Наконец за отсутствием сырья ему пришлось сдаться, эффект оказался вполне неожиданный: его привел в совершенный восторг Степан Трофимович, ко всему прочему в романе он остался равнодушен. Степана же Трофимовича принял как изумительно вылепленный портрет, вылепленный необычайно художественно, глубоко, легко, точно. Я даже не могу вспомнить, чтобы какой-либо другой портрет на моей памяти его так восхищал.
Ставрогина он нашел слишком «первым любовником», а моя чрезмерная агитация в пользу Кириллова ему надоела. Он говорил:
«Возможно, ты и прав, но не моего романа».

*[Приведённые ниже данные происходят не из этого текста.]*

(* Assume $\mathcal I\neq\emptyset$. If the maximal isotropic subspace $\mathcal M=\mathcal M(A,B)$ is strictly positive, then $$\mathbb I+[\mathbb I-\mathfrak S(i\varkappa;\mathcal M)T(i\varkappa;\underline a)]^{-1}\mathfrak S(i\varkappa;\mathcal M)\succ0$$ holds for all sufficiently large $\varkappa\geq0$.
   Context: Let $\mathcal G$ be a finite connected graph with sets $\mathcal I$ of internal edges with lengths $\underline a=\{a_i\}$, $a_i>0$, and $\mathcal E$ of external edges. $\mathcal K=\mathcal K_{\mathcal E}\oplus\mathcal K^{(-)}_{\mathcal I}\oplus\mathcal K^{(+)}_{\mathcal I}\cong\mathbb C^{|\mathcal E|}\oplus\mathbb C^{|\mathcal I|}\oplus\mathbb C^{|\mathcal I|}$, ${}^d\mathcal K=\mathcal K\oplus\mathcal K$. Maximal isotropic subspaces of ${}^d\mathcal K$ (for the form $\langle\chi,J\chi'\rangle$, $J=\begin{pmatrix}0&\mathbb I\\-\mathbb I&0\end{pmatrix}$) are $\mathcal M(A,B)=\{\chi_1\oplus\chi_2:A\chi_1+B\chi_2=0\}$ with $(A,B)$ of rank $\dim\mathcal K$ and $AB^\dagger$ self-adjoint. $\mathfrak S(\mathsf k;\mathcal M)=-(A+i\mathsf kB)^{-1}(A-i\mathsf kB)$ when the inverse exists. $T(\mathsf k;\underline a)=\begin{pmatrix}0&0&0\\0&0&e^{i\mathsf k\underline a}\\0&e^{i\mathsf k\underline a}&0\end{pmatrix}$ w.r.t. $\mathcal K_{\mathcal E}\oplus\mathcal K^{(-)}_{\mathcal I}\oplus\mathcal K^{(+)}_{\mathcal I}$, $e^{i\mathsf k\underline a}=\operatorname{diag}(e^{i\mathsf ka_i})$. $C\succ0$ ($C\succcurlyeq0$) means all matrix entries are positive (nonnegative). $\mathcal M$ is strictly positive if there is $\varkappa_0\ge0$ with $\mathbb I+\mathfrak S(i\varkappa;\mathcal M)\succ0$ for all $\varkappa\ge\varkappa_0$. *)

theory Defs
  imports "Jordan_Normal_Form.Schur_Decomposition" "Jordan_Normal_Form.DL_Rank"
begin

Конечно, в Степане Трофимовиче его привлекало художественное совершенство, с каким этот образ был подан, но потом я понял и другое: то, что мы с ним находились в разном положении по отношению к прототипам этого образа. Он в своей юности мог знать и знал живых Степанов Трофимовичей и восхищался великолепным портретом, модель коего была ему хорошо известна. Понял я еще и то, что к литературе он подходил с позиций, ему более близких, то есть искал в ней что-то близкое к скульптуре, к портрету, а все специфически литературное оставляло его равнодушным.
Засыпал папа не раньше трех часов ночи, и время с двенадцати до трех давалось ему мучительно. Это время сопровождалось плохим самочувствием, его познабливало, и вообще в эти часы его физическое состояние как-то развинчивалось, а недовольство собой, заглушенное шумом дня, звучало явственней и безнадежней. Вот для этих-то часов и требовалась помощь литературы, он боялся бессонницы и на моей памяти уже не мог спать без снотворного, а в описываемую эпоху осенью и зимой принимал двойную дозу люминала.

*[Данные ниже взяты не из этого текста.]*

lemma derived_lift:
  assumes "group_hom M B \<pi>" "derived B (carrier B) \<subseteq> \<pi> ` derived M (carrier M)"
    and "m \<in> carrier M" "b \<in> carrier B" "ab_eta B b = ab_eta B (\<pi> m)"
  obtains d where "d \<in> derived M (carrier M)" "\<pi> (d \<otimes>\<^bsub>M\<^esub> m) = b"
proof -
  interpret group_hom M B \<pi> by fact
  have "b \<otimes>\<^bsub>B\<^esub> inv\<^bsub>B\<^esub> \<pi> m \<in> derived B (carrier B)"
    using ab_eta_eq_iff[OF H.group_axioms assms(4) hom_closed[OF assms(3)]] assms(5)
    by (rule iffD1)
  then have "b \<otimes>\<^bsub>B\<^esub> inv\<^bsub>B\<^esub> \<pi> m \<in> \<pi> ` derived M (carrier M)"
    by (rule subsetD[OF assms(2)])
  then obtain d where d: "d \<in> derived M (carrier M)" "\<pi> d = b \<otimes>\<^bsub>B\<^esub> inv\<^bsub>B\<^esub> \<pi> m"
    by (metis imageE)
  have "d \<in> carrier M" using G.derived_in_carrier[OF subset_refl] d(1) by (rule subsetD)
  then have "\<pi> (d \<otimes>\<^bsub>M\<^esub> m) = b"
    using d(2) assms(3,4) by (simp add: H.m_assoc)
  then show ?thesis using that d(1) by blast
qed

lemma derived_subset_image_derived:
  assumes "group_hom B M s" "\<And>b. b \<in> carrier B \<Longrightarrow> \<pi> (s b) = b"
  shows "derived B (carrier B) \<subseteq> \<pi> ` derived M (carrier M)"
proof
  interpret s: group_hom B M s by fact
  fix d assume d: "d \<in> derived B (carrier B)"
  have "\<pi> (s d) = d" using assms(2) s.G.derived_in_carrier[OF subset_refl] d by blast
  then show "d \<in> \<pi> ` derived M (carrier M)" using s.hom_derived_closed[OF d] by force
qed

lemma pullback_comparison_inj:
  assumes "group_hom M B \<pi>"
    and "\<And>x. x \<in> derived M (carrier M) \<Longrightarrow> \<pi> x = \<one>\<^bsub>B\<^esub> \<Longrightarrow> x = \<one>\<^bsub>M\<^esub>"
  shows "inj_on (\<lambda>x. (\<pi> x, ab_eta M x)) (carrier M)"
proof (rule inj_onI)
  interpret group_hom M B \<pi> by fact
  fix x y assume x: "x \<in> carrier M" and y: "y \<in> carrier M"
    and eq: "(\<pi> x, ab_eta M x) = (\<pi> y, ab_eta M y)"
  have "x \<otimes>\<^bsub>M\<^esub> inv\<^bsub>M\<^esub> y \<in> derived M (carrier M)"
    using eq ab_eta_eq_iff[OF G.group_axioms x y] by simp
  moreover have "\<pi> (x \<otimes>\<^bsub>M\<^esub> inv\<^bsub>M\<^esub> y) = \<one>\<^bsub>B\<^esub>" using eq x y by simp
  ultimately have "x \<otimes>\<^bsub>M\<^esub> inv\<^bsub>M\<^esub> y = \<one>\<^bsub>M\<^esub>" by (rule assms(2))
  moreover have "x = x \<otimes>\<^bsub>M\<^esub> inv\<^bsub>M\<^esub> y \<otimes>\<^bsub>M\<^esub> y" using x y by (simp add: G.m_assoc)
  ultimately show "x = y" using y by simp
qed

lemma pullback_comparison_image:
  assumes "group_hom M B \<pi>" "derived B (carrier B) \<subseteq> \<pi> ` derived M (carrier M)"
  shows "(\<lambda>x. (\<pi> x, ab_eta M x)) ` carrier M
    = {(b, c). b \<in> carrier B \<and> c \<in> carrier (abelianization M) \<and> ab_eta B b = ab_map M B \<pi> c}"
proof (intro equalityI subsetI)
  interpret group_hom M B \<pi> by fact
  fix z assume "z \<in> (\<lambda>x. (\<pi> x, ab_eta M x)) ` carrier M"
  then show "z \<in> {(b, c). b \<in> carrier B \<and> c \<in> carrier (abelianization M) \<and> ab_eta B b = ab_map M B \<pi> c}"
    using ab_map_eta[OF assms(1)] group_hom.hom_closed[OF group_hom_ab_eta[OF G.group_axioms]] by auto
next
  interpret group_hom M B \<pi> by fact
  fix z assume "z \<in> {(b, c). b \<in> carrier B \<and> c \<in> carrier (abelianization M) \<and> ab_eta B b = ab_map M B \<pi> c}"
  then obtain b c where z: "z = (b, c)" "b \<in> carrier B" "c \<in> carrier (abelianization M)"
    "ab_eta B b = ab_map M B \<pi> c" by blast
  obtain m where m: "m \<in> carrier M" "c = ab_eta M m" using z(3) by (rule abelianization_carrierE)
  have "ab_eta B b = ab_eta B (\<pi> m)" using z(4) m ab_map_eta[OF assms(1)] by simp
  then obtain d where d: "d \<in> derived M (carrier M)" "\<pi> (d \<otimes>\<^bsub>M\<^esub> m) = b"
    using derived_lift[OF assms m(1) z(2)] by blast
  have "ab_eta M (d \<otimes>\<^bsub>M\<^esub> m) = c" using ab_eta_derived_mult[OF G.group_axioms d(1) m(1)] m(2) by simp
  moreover have "d \<otimes>\<^bsub>M\<^esub> m \<in> carrier M" using d(1) m(1) G.derived_in_carrier by blast
  ultimately show "z \<in> (\<lambda>x. (\<pi> x, ab_eta M x)) ` carrier M" using z(1) d(2) by force
qed

lemma trivial_extI:
  assumes "group_hom M B \<pi>" "regular_epi M PM B PB \<pi>" "PM \<subseteq> carrier M" "\<one>\<^bsub>M\<^esub> \<in> PM"
    and "\<And>x. x \<in> derived M (carrier M) \<Longrightarrow> \<pi> x = \<one>\<^bsub>B\<^esub> \<Longrightarrow> x = \<one>\<^bsub>M\<^esub>"
    and "derived B (carrier B) \<subseteq> \<pi> ` derived M (carrier M)"
    and cone_lift: "\<And>b c. \<lbrakk>b \<in> PB; c \<in> ab_cone M PM; ab_eta B b = ab_map M B \<pi> c\<rbrakk>
      \<Longrightarrow> \<exists>x\<in>PM. \<pi> x = b \<and> ab_eta M x = c"
  shows "trivial_ext M PM B PB \<pi>"
proof -
  interpret group_hom M B \<pi> by fact
  let ?cmp = "\<lambda>x. (\<pi> x, ab_eta M x)"
  let ?C = "{(b, c). b \<in> PB \<and> c \<in> ab_cone M PM \<and> ab_eta B b = ab_map M B \<pi> c}"
  have inj: "inj_on ?cmp (carrier M)"
    using pullback_comparison_inj assms(1,5) by blast
  have "?cmp ` PM = ?C"
  proof (intro equalityI subsetI)
    fix z assume "z \<in> ?cmp ` PM"
    then obtain x where x: "x \<in> PM" "z = ?cmp x" by blast
    have "x \<in> carrier M" using x(1) assms(3) by blast
    then have "ab_eta M x \<in> ab_cone M PM"
      using ab_coneI[OF G.group_axioms assms(3) x(1) assms(4)] by simp
    then show "z \<in> ?C"
      using x regular_epiD(3)[OF assms(2)] ab_map_eta[OF assms(1) \<open>x \<in> carrier M\<close>] by blast
  next
    fix z assume "z \<in> ?C"
    then show "z \<in> ?cmp ` PM" using cone_lift by force
  qed
  then have "bij_betw ?cmp PM ?C"
    unfolding bij_betw_def using inj_on_subset[OF inj assms(3)] by blast
  moreover have "bij_betw ?cmp (carrier M)
      {(b, c). b \<in> carrier B \<and> c \<in> carrier (abelianization M) \<and> ab_eta B b = ab_map M B \<pi> c}"
    unfolding bij_betw_def using inj pullback_comparison_image[OF assms(1,6)] by blast
  moreover have "\<forall>x\<in>carrier M. ab_eta B (\<pi> x) = ab_map M B \<pi> (ab_eta M x)"
    using ab_map_eta[OF assms(1)] by simp
  ultimately show ?thesis
    unfolding trivial_ext_def is_pullback_def using assms(2) by blast
qed

section \<open>Special homogeneous surjections of positive cones\<close>

definition fibre_quotients_in_cone :: "'a monoid \<Rightarrow> 'a set \<Rightarrow> ('a \<Rightarrow> 'b) \<Rightarrow> bool" where
  "fibre_quotients_in_cone G P f \<longleftrightarrow> (\<forall>x\<in>P. \<forall>y\<in>P. f x = f y \<longrightarrow> inv\<^bsub>G\<^esub> y \<otimes>\<^bsub>G\<^esub> x \<in> P)"

lemma kernel_pair_monoid_carrier [simp]:
  "carrier (kernel_pair_monoid (G\<lparr>carrier := P\<rparr>) f) = {(x, x'). x \<in> P \<and> x' \<in> P \<and> f x = f x'}"
  by (simp add: kernel_pair_monoid_def)

lemma kernel_pair_monoid_mult [simp]:
  "(a, b) \<otimes>\<^bsub>kernel_pair_monoid (G\<lparr>carrier := P\<rparr>) f\<^esub> (c, d) = (a \<otimes>\<^bsub>G\<^esub> c, b \<otimes>\<^bsub>G\<^esub> d)"
  by (simp add: kernel_pair_monoid_def)

lemma kernel_pair_monoid_left_translation_bij:
  assumes "preordered_group G P" "group_hom G H f" "y \<in> P"
    and "\<And>x. x \<in> P \<Longrightarrow> f x = f y \<Longrightarrow> inv\<^bsub>G\<^esub> y \<otimes>\<^bsub>G\<^esub> x \<in> P"
  shows "bij_betw (\<lambda>k. (y, y) \<otimes>\<^bsub>kernel_pair_monoid (G\<lparr>carrier := P\<rparr>) f\<^esub> k)
    {k \<in> carrier (kernel_pair_monoid (G\<lparr>carrier := P\<rparr>) f). fst k = \<one>\<^bsub>G\<^esub>}
    {z \<in> carrier (kernel_pair_monoid (G\<lparr>carrier := P\<rparr>) f). fst z = y}"
proof -
  interpret f: group_hom G H f by fact
  note P = preordered_groupD[OF assms(1)]
  have y: "y \<in> carrier G" using assms(3) P(2) by blast
  show ?thesis
    by (rule bij_betw_byWitness[where f' = "\<lambda>z. (\<one>\<^bsub>G\<^esub>, inv\<^bsub>G\<^esub> y \<otimes>\<^bsub>G\<^esub> snd z)"])
      (use y assms(3,4) P(3,4) subsetD[OF P(2)] in \<open>auto simp: f.G.m_assoc\<close>)
qed

lemma kernel_pair_monoid_right_translation_bij:
  assumes "preordered_group G P" "group_hom G H f" "y \<in> P"
    and "\<And>x. x \<in> P \<Longrightarrow> f x = f y \<Longrightarrow> x \<otimes>\<^bsub>G\<^esub> inv\<^bsub>G\<^esub> y \<in> P"
  shows "bij_betw (\<lambda>k. k \<otimes>\<^bsub>kernel_pair_monoid (G\<lparr>carrier := P\<rparr>) f\<^esub> (y, y))
    {k \<in> carrier (kernel_pair_monoid (G\<lparr>carrier := P\<rparr>) f). fst k = \<one>\<^bsub>G\<^esub>}
    {z \<in> carrier (kernel_pair_monoid (G\<lparr>carrier := P\<rparr>) f). fst z = y}"
proof -
  interpret f: group_hom G H f by fact
  note P = preordered_groupD[OF assms(1)]
  have y: "y \<in> carrier G" using assms(3) P(2) by blast
  show ?thesis
    by (rule bij_betw_byWitness[where f' = "\<lambda>z. (\<one>\<^bsub>G\<^esub>, snd z \<otimes>\<^bsub>G\<^esub> inv\<^bsub>G\<^esub> y)"])
      (use y assms(3,4) P(3,4) subsetD[OF P(2)] in \<open>auto simp: f.G.m_assoc\<close>)
qed

lemma special_homogeneous_surj_imp_fibre_quotients_in_cone:
  assumes "preordered_group G P" "group_hom G H f"
    and "special_homogeneous_surj (G\<lparr>carrier := P\<rparr>) (H\<lparr>carrier := Q\<rparr>) f"
  shows "fibre_quotients_in_cone G P f"
  unfolding fibre_quotients_in_cone_def
proof (intro ballI impI)
  interpret f: group_hom G H f by fact
  note P = preordered_groupD[OF assms(1)]
  let ?KP = "kernel_pair_monoid (G\<lparr>carrier := P\<rparr>) f"
  fix x y assume x: "x \<in> P" and y: "y \<in> P" and fxy: "f x = f y"
  have onto: "(\<lambda>k. (y, y) \<otimes>\<^bsub>?KP\<^esub> k) ` {k \<in> carrier ?KP. fst k = \<one>\<^bsub>G\<^esub>}
      = {z \<in> carrier ?KP. fst z = y}"
    using assms(3) y unfolding special_homogeneous_surj_def homogeneous_split_epi_def
    by (simp add: bij_betw_def)
  have "(y, x) \<in> {z \<in> carrier ?KP. fst z = y}" using x y fxy by simp
  then have "(y, x) \<in> (\<lambda>k. (y, y) \<otimes>\<^bsub>?KP\<^esub> k) ` {k \<in> carrier ?KP. fst k = \<one>\<^bsub>G\<^esub>}"
    by (simp only: onto)
  then obtain b where "b \<in> P" "y \<otimes>\<^bsub>G\<^esub> b = x" by auto
  moreover have "y \<in> carrier G" "b \<in> carrier G" using y \<open>b \<in> P\<close> P(2) by auto
  ultimately show "inv\<^bsub>G\<^esub> y \<otimes>\<^bsub>G\<^esub> x \<in> P" by auto
qed

lemma fibre_quotients_in_cone_imp_special_homogeneous_surj:
  assumes "preordered_group G P" "group_hom G H f" "f ` P = Q"
    and "fibre_quotients_in_cone G P f"
  shows "special_homogeneous_surj (G\<lparr>carrier := P\<rparr>) (H\<lparr>carrier := Q\<rparr>) f"
proof -
  interpret f: group_hom G H f by fact
  note P = preordered_groupD[OF assms(1)]
  let ?KP = "kernel_pair_monoid (G\<lparr>carrier := P\<rparr>) f"
  have left: "inv\<^bsub>G\<^esub> y \<otimes>\<^bsub>G\<^esub> x \<in> P" if "x \<in> P" "y \<in> P" "f x = f y" for x y
    using assms(4) that unfolding fibre_quotients_in_cone_def by blast
  have right: "x \<otimes>\<^bsub>G\<^esub> inv\<^bsub>G\<^esub> y \<in> P" if "x \<in> P" "y \<in> P" "f x = f y" for x y
  proof -
    have xy: "x \<in> carrier G" "y \<in> carrier G" using that P(2) by auto
    have "y \<otimes>\<^bsub>G\<^esub> (inv\<^bsub>G\<^esub> y \<otimes>\<^bsub>G\<^esub> x) \<otimes>\<^bsub>G\<^esub> inv\<^bsub>G\<^esub> y \<in> P"
      by (rule P(5)[OF xy(2) left[OF that]])
    then show ?thesis using xy by (simp add: f.G.m_assoc)
  qed
  have "f \<in> hom (G\<lparr>carrier := P\<rparr>) (H\<lparr>carrier := Q\<rparr>)"
    using assms(3) P(2) by (auto simp: hom_def subsetD)
  moreover have "fst \<in> hom ?KP (G\<lparr>carrier := P\<rparr>)" "(\<lambda>x. (x, x)) \<in> hom (G\<lparr>carrier := P\<rparr>) ?KP"
    by (auto simp: hom_def kernel_pair_monoid_def)
  ultimately show ?thesis
    unfolding special_homogeneous_surj_def homogeneous_split_epi_def
    using assms(3) kernel_pair_monoid_left_translation_bij[OF assms(1,2)] left
      kernel_pair_monoid_right_translation_bij[OF assms(1,2)] right
    by simp
qed

lemma special_homogeneous_surj_iff_fibre_quotients_in_cone:
  assumes "preordered_group G P" "group_hom G H f" "f ` P = Q"
  shows "special_homogeneous_surj (G\<lparr>carrier := P\<rparr>) (H\<lparr>carrier := Q\<rparr>) f
    \<longleftrightarrow> fibre_quotients_in_cone G P f"
  using special_homogeneous_surj_imp_fibre_quotients_in_cone[OF assms(1,2)]
    fibre_quotients_in_cone_imp_special_homogeneous_surj[OF assms] by blast

section \<open>Kernel pairs with central kernel\<close>

lemma derived_subset_fst_image_kernel_pair:
  assumes "group_hom G H f"
  shows "derived G (carrier G) \<subseteq> fst ` derived (pb_group G G f f) (carrier (pb_group G G f f))"
  by (rule derived_subset_image_derived[OF group_hom_kernel_pair_diagonal[OF assms]]) simp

То, о чем я рассказываю, описывает распорядок жизни в нашей семье, но таким он был лишь в относительно спокойные периоды нашей жизни. Между тем не проходило года, чтобы на нас не сваливались какие-либо экстраординарные неприятности. Тогда наступал период защитных действий, период борьбы, хлопот, обивания порогов в поисках защиты, добывание бумаг, снабженных печатями и подписями, на это уходила масса энергии, и была угроза, что папина нервная система, и без того не крепкая, того и гляди сдаст совсем. Такие тяжелые полосы тянулись долго — месяц, два; папина работа трещала, а он сам целиком переключался на эту бесперспективную самооборону.
По фабуле эти полосы были разнообразны, но содержание имели одно, заключавшееся в том, что мы оказывались против фронта очередного советского шквала.
В конце двадцатых — в начале тридцатых годов я не только был в курсе этих дел и принимал в них участие, но активная моя роль была относительно второстепенная. Основная тяжесть лежала на родителях.
Мама относилась к этим бедствиям трезво, с чисто деловой точки зрения: надо сделать все, чтобы выстоять этот очередной натиск, а дальше все будет хорошо. Папа активнейшим образом защищался от этих напастей, но испытывал омерзение к самому процессу защиты и ни в какое хорошее будущее не верил.